We bought a library of books on pregnancy. I read magazine articles written by first time fathers on how they coped with the big event and devoured every last morsel of advice that was offered.
We joined antenatal classes, getting detailed information on every question ever possibly conceived (no pun intended) about pregnancy.
We talked to the blossoming bump regularly and even gave our unborn child a nickname, “smudge”; because he looked like a smudge on the first scan.
The whole nine month wait was a time of wonder, mystery and awe.
Our second child was a rather different story: we bought no books.
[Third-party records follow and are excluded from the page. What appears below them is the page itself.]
lemma Theta_finite_dom: "\<theta> \<in> Theta n k \<Longrightarrow> finite (dom \<theta>)"
  unfolding Theta_def by (auto intro: finite_subset)

lemma Theta_lower_neighbours:
  assumes \<theta>: "\<theta> \<in> Theta n k" and k: "1 \<le> k"
  shows "{\<phi>\<in>Theta n (k - 1). \<phi> \<subseteq>\<^sub>m \<theta>} = (\<lambda>i. \<theta>(i := None)) ` dom \<theta>"
    and "inj_on (\<lambda>i. \<theta>(i := None)) (dom \<theta>)"
proof -
  have fin: "finite (dom \<theta>)" using \<theta> by (rule Theta_finite_dom)
  show "{\<phi>\<in>Theta n (k - 1). \<phi> \<subseteq>\<^sub>m \<theta>} = (\<lambda>i. \<theta>(i := None)) ` dom \<theta>"
  proof (intro equalityI subsetI)
    fix \<phi> assume "\<phi> \<in> {\<phi>\<in>Theta n (k - 1). \<phi> \<subseteq>\<^sub>m \<theta>}"
    then have le: "\<phi> \<subseteq>\<^sub>m \<theta>" and card: "card (dom \<phi>) = k - 1" unfolding Theta_def by auto
    have sub: "dom \<phi> \<subseteq> dom \<theta>" using le by (rule map_le_implies_dom_le)
    then have "card (dom \<theta> - dom \<phi>) = 1"
      using fin card \<theta> k by (simp add: card_Diff_subset finite_subset Theta_def)
    then obtain i where i: "dom \<theta> - dom \<phi> = {i}" by (rule card_1_singletonE)
    then have "\<phi> = \<theta>(i := None)" using sub by (intro map_le_dom_insert(1)[OF le]) auto
    with i show "\<phi> \<in> (\<lambda>i. \<theta>(i := None)) ` dom \<theta>" by blast
  next
    fix \<phi> assume "\<phi> \<in> (\<lambda>i. \<theta>(i := None)) ` dom \<theta>"
    then obtain i where "i \<in> dom \<theta>" "\<phi> = \<theta>(i := None)" by blast
    then show "\<phi> \<in> {\<phi>\<in>Theta n (k - 1). \<phi> \<subseteq>\<^sub>m \<theta>}"
      using \<theta> fin by (auto simp: Theta_def)
  qed
  show "inj_on (\<lambda>i. \<theta>(i := None)) (dom \<theta>)"
    by (rule inj_onI) (metis domIff fun_upd_apply)
qed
I read no magazine articles. No antenatal classes were attended. No nicknames were attributed, in fact, the bump, hardly got talked to at all.
Now don’t get me wrong: it’s not that we weren’t looking forward to a second child. He was very much wanted, planned and anticipated. It was just that... well, the mystery had gone. I had been down this road before and it was...known.
At Christmas-time, I often find myself in danger of repeating that experience. Christmas again: we did this last year; I know how this goes and I fit snugly into the fun and tinsel and busyness and presents and mince pies and…it’s good, it’s fun, but it’s…it’s known. It is easy sometimes, for me at least, to lose the wonder, the mystery, the excitement and the meaning of the season because it is so familiar.
But Christmas is all about a birth (and every birth holds mystery and wonder) but at Christmas we’re asked to consider the birth of God on this planet. A birth that presents the possibility that God is no longer remote or at a distance, but here with us: tiny and vulnerable: A God who gets hungry and thirsty; a God who gets hot and cold; A God who laughs and cries; A God who gets his hands dirty; A God who can bleed and die: What type of God is this?
At Christmas-time we are invited to do nothing less than redefine deity.
We went for another scan for our second son. In the midst of what we thought was the familiar. And as we watched the live monitor, his tiny mouth was moving up and down and it looked a little like he was singing. It was amazing: suddenly the mystery and wonder came flooding back.
This Christmas, in the midst of everything that is familiar, why not take a moment to invite the wonder, mystery and awe to flood back in as we ponder afresh this special birth.